After Curry joins the team, Wayne decides to use the Mother Box to resurrect Superman after examining its abilities, with Allen siding with him. Curry and Stone are sent to exhume Clark Kent's body, bonding over discussing the situation and their abilities. Upon returning to the lab, Allen charges up the Mother Box, which successfully revives Kent, though he has lost his memories and is triggered to attack the group. Allen tries to ambush Kent with his speed, but Kent counters with his own quickness and brute force, knocking Allen aside. Wayne has his butler Alfred Pennyworth bring Kent's girlfriend, Lois Lane, which calms him down.

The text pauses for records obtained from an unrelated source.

lemma jnorm_collapse_le:
  assumes "a \<le> p" "p \<le> b"
  shows "jnorm (collapse a b p y) \<le> jnorm y"
proof (rule jnorm_le)
  fix S assume S: "interval_family S"
  let ?\<phi> = "collapse_set a b p"
  define S' where "S' = {K \<in> S. ?\<phi> K \<noteq> {}}"
  have disj: "?\<phi> K \<inter> ?\<phi> L = {}" if "K \<in> S" "L \<in> S" "K \<noteq> L" for K L
    using S that unfolding pairwise_def disjnt_def collapse_set_def by auto
  have inj: "inj_on ?\<phi> S'"
    using disj unfolding S'_def inj_on_def by fastforce
  have family: "interval_family (?\<phi> ` S')"
    using S disj nat_interval_collapse_set[OF assms] unfolding S'_def pairwise_def disjnt_def
    by auto
  have "(\<Sum>K\<in>S. (isum (collapse a b p y) K)\<^sup>2) = (\<Sum>K\<in>S. (isum y (?\<phi> K))\<^sup>2)"
    using isum_collapse[OF assms] by simp
  also have "\<dots> = (\<Sum>K\<in>S'. (isum y (?\<phi> K))\<^sup>2)"
    using S unfolding S'_def by (intro sum.mono_neutral_right) (auto simp: isum_def)
  also have "\<dots> = (\<Sum>K\<in>?\<phi> ` S'. (isum y K)\<^sup>2)"
    using sum.reindex[OF inj, of "\<lambda>K. (isum y K)\<^sup>2"] by simp
  finally show "ereal (sqrt (\<Sum>K\<in>S. (isum (collapse a b p y) K)\<^sup>2)) \<le> jnorm y"
    using jnorm_ge[OF family, of y] by simp
qed

lemma collapse_James: "a \<le> p \<Longrightarrow> p \<le> b \<Longrightarrow> y \<in> James \<Longrightarrow> collapse a b p y \<in> James"
  using jnorm_collapse_le[of a p b y] unfolding James_def by auto

lemma collapse_add: "collapse a b p (\<lambda>n. y n + z n) = (\<lambda>n. collapse a b p y n + collapse a b p z n)"
  unfolding collapse_def by (auto simp: sum.distrib)

lemma collapse_scale: "collapse a b p (\<lambda>n. c * y n) = (\<lambda>n. c * collapse a b p y n)"
  unfolding collapse_def by (auto simp: sum_distrib_left)

definition delta :: "nat \<Rightarrow> real \<Rightarrow> nat \<Rightarrow> real" where
  "delta j c = (\<lambda>k. if k = j then c else 0)"

lemma jnorm_delta_le: "jnorm (delta j c) \<le> ereal \<bar>c\<bar>"
proof (rule jnorm_le)
  fix S assume S: "interval_family S"
  have isum_delta: "isum (delta j c) K = (if j \<in> K then c else 0)" for K
    using isum_finite_support[of "{j}" "delta j c" K] by (simp add: delta_def)
  have "card {K \<in> S. j \<in> K} \<le> Suc 0"
    using S unfolding pairwise_def disjnt_def by (subst card_le_Suc0_iff_eq) auto
  have "(\<Sum>K\<in>S. (isum (delta j c) K)\<^sup>2) = (\<Sum>K\<in>S. if j \<in> K then c\<^sup>2 else 0)"
    by (intro sum.cong) (auto simp: isum_delta)
  also have "\<dots> = real (card {K \<in> S. j \<in> K}) * c\<^sup>2"
    using S sum.inter_filter[of S "\<lambda>_. c\<^sup>2" "\<lambda>K. j \<in> K"] by simp
  also have "\<dots> \<le> c\<^sup>2"
    using \<open>card {K \<in> S. j \<in> K} \<le> Suc 0\<close> by (intro mult_left_le_one_le) auto
  finally have "(\<Sum>K\<in>S. (isum (delta j c) K)\<^sup>2) \<le> c\<^sup>2" .
  then show "ereal (sqrt (\<Sum>K\<in>S. (isum (delta j c) K)\<^sup>2)) \<le> ereal \<bar>c\<bar>"
    using real_sqrt_le_mono by fastforce
qed

lemma delta_James: "delta j c \<in> James"
  using jnorm_delta_le by (rule James_if_jnorm_le)

section \<open>Extreme points\<close>

lemma not_extreme_ptI:
  assumes "y \<in> B" "z \<in> B" "0 < t" "t < 1" "x = (\<lambda>n. t * y n + (1 - t) * z n)" "y \<noteq> z"
  shows "\<not> extreme_pt B x"
  using assms unfolding extreme_pt_def by blast

lemma divide_add_in_unit_interval:
  fixes a b :: real
  assumes "0 < a * b"
  shows "0 < a / (a + b)" "a / (a + b) < 1"
  using assms by (auto simp: zero_less_mult_iff field_simps)

lemma zero_not_extreme_ball_J: "\<not> extreme_pt ball_J (\<lambda>_. 0)"
proof (rule not_extreme_ptI)
  show "delta 0 1 \<in> ball_J" "delta 0 (-1) \<in> ball_J"
    using jnorm_delta_le[of 0 1] jnorm_delta_le[of 0 "-1"] by (auto simp: ball_J_def one_ereal_def)
  show "(\<lambda>_. 0) = (\<lambda>n. 1/2 * delta 0 1 n + (1 - 1/2) * delta 0 (-1) n)"
    by (auto simp: delta_def)
  show "delta 0 1 \<noteq> delta 0 (-1)" by (auto simp: delta_def fun_eq_iff)
qed simp_all

lemma extreme_ball_J_sign_change:
  assumes ext: "extreme_pt ball_J x" and "n < m" and between: "\<And>k. n < k \<Longrightarrow> k < m \<Longrightarrow> x k = 0"
  shows "x n * x m \<le> 0"
proof (rule ccontr)
  assume "\<not> x n * x m \<le> 0"
  then have pos: "0 < x n * x m" by simp
  have sum_block: "(\<Sum>j\<in>{n..m}. x j) = x n + x m"
  proof -
    have "(\<Sum>j\<in>{n..m}. x j) = (\<Sum>j\<in>{n, m}. x j)"
      using \<open>n < m\<close> between by (intro sum.mono_neutral_right) auto
    then show ?thesis using \<open>n < m\<close> by simp
  qed
  have "x n + x m \<noteq> 0" using pos by (auto simp: zero_less_mult_iff)
  define t where "t = x n / (x n + x m)"
  have "\<not> extreme_pt ball_J x"
  proof (rule not_extreme_ptI)
    show "collapse n m n x \<in> ball_J" "collapse n m m x \<in> ball_J"
      using jnorm_collapse_le[of n n m x] jnorm_collapse_le[of n m m x] \<open>n < m\<close> ext
      by (auto simp: ball_J_def extreme_pt_def)
    show "0 < t" "t < 1" using divide_add_in_unit_interval[OF pos] by (simp_all add: t_def)
    have weight_n: "t * (x n + x m) = x n" using \<open>x n + x m \<noteq> 0\<close> by (simp add: t_def)
    then have weight_m: "(1 - t) * (x n + x m) = x m" by (simp add: algebra_simps)
    have elsewhere: "collapse n m n x k = x k \<and> collapse n m m x k = x k" if "k \<noteq> n" "k \<noteq> m" for k
      using between that by (auto simp: collapse_def)
    show "x = (\<lambda>k. t * collapse n m n x k + (1 - t) * collapse n m m x k)"
    proof
      fix k
      show "x k = t * collapse n m n x k + (1 - t) * collapse n m m x k"
        using \<open>n < m\<close> weight_n weight_m elsewhere[of k]
        by (cases "k = n"; cases "k = m") (auto simp: collapse_def sum_block algebra_simps)
    qed
    show "collapse n m n x \<noteq> collapse n m m x"
      using \<open>n < m\<close> \<open>x n + x m \<noteq> 0\<close> by (auto simp: fun_eq_iff collapse_def sum_block)
  qed
  with ext show False by simp
qed

lemma ball_Jdual_compose_collapse:
  assumes f: "f \<in> ball_Jdual" and "a \<le> p" "p \<le> b"
  shows "(\<lambda>y. if y \<in> James then f (collapse a b p y) else 0) \<in> ball_Jdual"
proof -
  have C: "\<And>y. y \<in> James \<Longrightarrow> collapse a b p y \<in> James" using collapse_James assms(2,3) by blast
  have "f (collapse a b p (\<lambda>n. y n + z n)) = f (collapse a b p y) + f (collapse a b p z)"
    if "y \<in> James" "z \<in> James" for y z
    using f C[OF that(1)] C[OF that(2)] unfolding ball_Jdual_def collapse_add by blast
  moreover have "f (collapse a b p (\<lambda>n. c * y n)) = c * f (collapse a b p y)" if "y \<in> James" for c y
    using f C[OF that] unfolding ball_Jdual_def collapse_scale by blast
  moreover have "ereal \<bar>f (collapse a b p y)\<bar> \<le> jnorm y" if "y \<in> James" for y
    using f C[OF that] jnorm_collapse_le[OF assms(2,3), of y] unfolding ball_Jdual_def
    by (blast intro: order_trans)
  ultimately show ?thesis by (simp add: ball_Jdual_def James_add James_scale)
qed

(* Additivity comes from membership in the dual ball: for infinite F the series defining the
   functional is not known to converge, so it cannot be split termwise. *)
lemma interval_functional_collapse:
  assumes f: "interval_functional F \<alpha> I \<in> ball_Jdual"
    and FU: "finite F \<or> F = UNIV" and "r \<in> F" and ab: "a \<le> p" "p \<le> b"
    and block: "\<And>k. k \<in> F \<Longrightarrow> \<alpha> k \<noteq> 0 \<Longrightarrow> I k \<inter> {a..b} = (if k = r then {p} else {})"
    and y: "y \<in> James"
  shows "interval_functional F \<alpha> I (collapse a b p y)
          = interval_functional F \<alpha> I y + \<alpha> r * ((\<Sum>j\<in>{a..b}. y j) - y p)"
proof -
  let ?f = "interval_functional F \<alpha> I"
  let ?c = "(\<Sum>j\<in>{a..b}. y j) - y p"
  define w where "w = (\<lambda>k. collapse a b p y k + (-1) * y k)"
  have w: "w \<in> James" unfolding w_def using James_add[OF collapse_James[OF ab y] James_scale[OF y]] .
  have "w k = 0" if "k \<notin> {a..b}" for k using that ab unfolding w_def collapse_def by auto
  then have "isum w K = (\<Sum>j\<in>K \<inter> {a..b}. w j)" for K by (intro isum_finite_support) auto
  moreover have "w p = ?c" using ab unfolding w_def collapse_def by simp
  ultimately have terms: "\<alpha> k * isum w (I k) = (if k = r then \<alpha> r * ?c else 0)" if "k \<in> F" for k
    using block[OF that] by (cases "\<alpha> k = 0") auto
  have "?f w = \<alpha> r * ?c"
  proof (cases "finite F")
    case True
    then show ?thesis using w terms \<open>r \<in> F\<close> by (simp add: interval_functional_def)
  next
    case False
    then have "F = UNIV" using FU by simp
    then show ?thesis
      using w terms False sums_single[of r "\<lambda>_. \<alpha> r * ?c"] by (simp add: interval_functional_def sums_iff)
  qed
  moreover have "collapse a b p y = (\<lambda>k. y k + w k)" unfolding w_def by auto
  ultimately show ?thesis using f y w unfolding ball_Jdual_def by simp
qed

lemma not_extreme_ball_Jdual_shifts:
  assumes "f \<in> ball_Jdual" "f1 \<in> ball_Jdual" "f2 \<in> ball_Jdual"
    and f1: "\<And>y. y \<in> James \<Longrightarrow> f1 y = f y + c1 * G y"
    and f2: "\<And>y. y \<in> James \<Longrightarrow> f2 y = f y + c2 * G y"
    and "c1 * c2 < 0" "y0 \<in> James" "G y0 \<noteq> 0"
  shows "\<not> extreme_pt ball_Jdual f"
proof (rule not_extreme_ptI)
  define t where "t = c2 / (c2 + - c1)"
  have "0 < c2 * - c1" using \<open>c1 * c2 < 0\<close> by (simp add: mult.commute)
  then show "0 < t" "t < 1" unfolding t_def by (rule divide_add_in_unit_interval)+
  have "c1 \<noteq> c2" using \<open>c1 * c2 < 0\<close> by auto
  then have "t * c1 + (1 - t) * c2 = 0" unfolding t_def by (simp add: field_simps)
  show "f = (\<lambda>y. t * f1 y + (1 - t) * f2 y)"
  proof
    fix y
    show "f y = t * f1 y + (1 - t) * f2 y"
    proof (cases "y \<in> James")
      case True
      have "t * f1 y + (1 - t) * f2 y = f y + (t * c1 + (1 - t) * c2) * G y"
        using f1[OF True] f2[OF True] by (simp add: algebra_simps)
      then show ?thesis using \<open>t * c1 + (1 - t) * c2 = 0\<close> by simp
    next
      case False
      then show ?thesis using assms(1-3) unfolding ball_Jdual_def by simp
    qed
  qed
  show "f1 \<noteq> f2" using f1[OF \<open>y0 \<in> James\<close>] f2[OF \<open>y0 \<in> James\<close>] \<open>c1 \<noteq> c2\<close> \<open>G y0 \<noteq> 0\<close> by auto
qed (use assms in auto)

lemma interval_functional_not_extreme_at_gap:
  assumes FU: "finite F \<or> F = UNIV" and "n \<in> F" "m \<in> F" and opposite: "\<alpha> n * \<alpha> m < 0"
    and "Suc P < Q"
    and gap: "\<And>k. k \<in> F \<Longrightarrow> \<alpha> k \<noteq> 0 \<Longrightarrow>
      I k \<inter> {P..Q} = (if k = n then {P} else if k = m then {Q} else {})"
  shows "\<not> extreme_pt ball_Jdual (interval_functional F \<alpha> I)"
proof
  assume ext: "extreme_pt ball_Jdual (interval_functional F \<alpha> I)"
  let ?f = "interval_functional F \<alpha> I"
  define G where "G y = (\<Sum>j\<in>{Suc P..Q - 1}. y j)" for y :: "nat \<Rightarrow> real"
  have f: "?f \<in> ball_Jdual" using ext unfolding extreme_pt_def by blast
  have "n \<noteq> m" using opposite by (auto simp: mult_less_0_iff)
  have block_n: "I k \<inter> {P..Q - 1} = (if k = n then {P} else {})" if "k \<in> F" "\<alpha> k \<noteq> 0" for k
  proof -
    have "I k \<inter> {P..Q - 1} = I k \<inter> {P..Q} \<inter> {P..Q - 1}" by auto
    then show ?thesis using gap[OF that] \<open>Suc P < Q\<close> \<open>n \<noteq> m\<close> by simp
  qed
  have block_m: "I k \<inter> {Suc P..Q} = (if k = m then {Q} else {})" if "k \<in> F" "\<alpha> k \<noteq> 0" for k
  proof -
    have "I k \<inter> {Suc P..Q} = I k \<inter> {P..Q} \<inter> {Suc P..Q}" by auto
    then show ?thesis using gap[OF that] \<open>Suc P < Q\<close> \<open>n \<noteq> m\<close> by simp
  qed
  have "P \<le> Q - 1" "Suc P \<le> Q" using \<open>Suc P < Q\<close> by auto
  have "\<not> extreme_pt ball_Jdual ?f"
  proof (rule not_extreme_ball_Jdual_shifts[OF f])
    show "(\<lambda>y. if y \<in> James then ?f (collapse P (Q - 1) P y) else 0) \<in> ball_Jdual"
      "(\<lambda>y. if y \<in> James then ?f (collapse (Suc P) Q Q y) else 0) \<in> ball_Jdual"
      using ball_Jdual_compose_collapse[OF f] \<open>P \<le> Q - 1\<close> \<open>Suc P \<le> Q\<close> by auto
    show "(if y \<in> James then ?f (collapse P (Q - 1) P y) else 0) = ?f y + \<alpha> n * G y"
      if "y \<in> James" for y
      using interval_functional_collapse[OF f FU \<open>n \<in> F\<close> order_refl \<open>P \<le> Q - 1\<close> block_n that]
        sum.atLeast_Suc_atMost[OF \<open>P \<le> Q - 1\<close>, of y] that by (simp add: G_def)
    show "(if y \<in> James then ?f (collapse (Suc P) Q Q y) else 0) = ?f y + \<alpha> m * G y"
      if "y \<in> James" for y
      using interval_functional_collapse[OF f FU \<open>m \<in> F\<close> \<open>Suc P \<le> Q\<close> order_refl block_m that]
        sum.nat_ivl_Suc'[of "Suc P" "Q - 1" y] \<open>Suc P < Q\<close> that by (simp add: G_def)
    show "G (delta (Suc P) 1) \<noteq> 0" using \<open>Suc P < Q\<close> by (simp add: G_def delta_def)
  qed (use opposite delta_James in auto)
  with ext show False by simp
qed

Allen helps the team deduce that Steppenwolf will be in a nuclear fallout zone in Russia to try and unite all three Mother Boxes and reshape the Earth, so the team travels to confront him. While Wayne makes himself a distraction to the demon, Allen and the rest of the team flank Stone as he tries to pull the Mother Boxes apart. Upon seeing that civilians are in danger, Wayne orders Allen to evacuate them, but Kent arrives, singlehandedly saving the whole village while Allen saves a single family and helping the team to defeat Steppenwolf. Following the battle, Allen enthusiastically remains part of the team, now named the Justice League, and obtains an entry-level job with the Central City police department to his father's approval. Allen later challenges Kent to a race for fun.

Director's cut

During the battle under Gotham Harbor, Allen is more confident in his abilities. Prior to Kent's resurrection, Allen mistakes Stone's "no" for "go", charging up the Mother Box, and he is also shown crashing into Curry as the amnesiac Kent dodges an attack from him. Stone is also the one who discovers that Steppenwolf's base is in Russia, not Allen. During the final battle, Allen is assigned to provide an extra spark to help Stone pull apart the Mother Boxes. He fails the first time around as he is shot by a parademon while charging up his speed, allowing the "Unity" time to form, which kills the team and begins destroying the Earth. However, after regaining his confidence and healing himself, he manages to enter the Speed Force, running faster than the speed of light to reverse time and save his teammates from annihilation. He assists Stone in separating the boxes, allowing the team to defeat and kill Steppenwolf.

Following the battle, Allen enthusiastically remains part of the team and obtains an entry-level job with the Central City police department to his father's approval.

Life as a superhero 

In the intermittent years, Allen became one of the world's best known superheroes with his image and powers becoming ingrained into popular culture.

At some point, Allen encountered another version of himself (played by Grant Gustin) in the Speed Force. The two have a brief exchange, discovering they are the same person from different universes, and that the second Barry Allen has adopted the moniker of "The Flash". Oblivious to the crisis the Flash is facing, Allen fades out from the Speed Force. This encounter led to Allen's own eventual adoption of the superhero moniker "The Flash."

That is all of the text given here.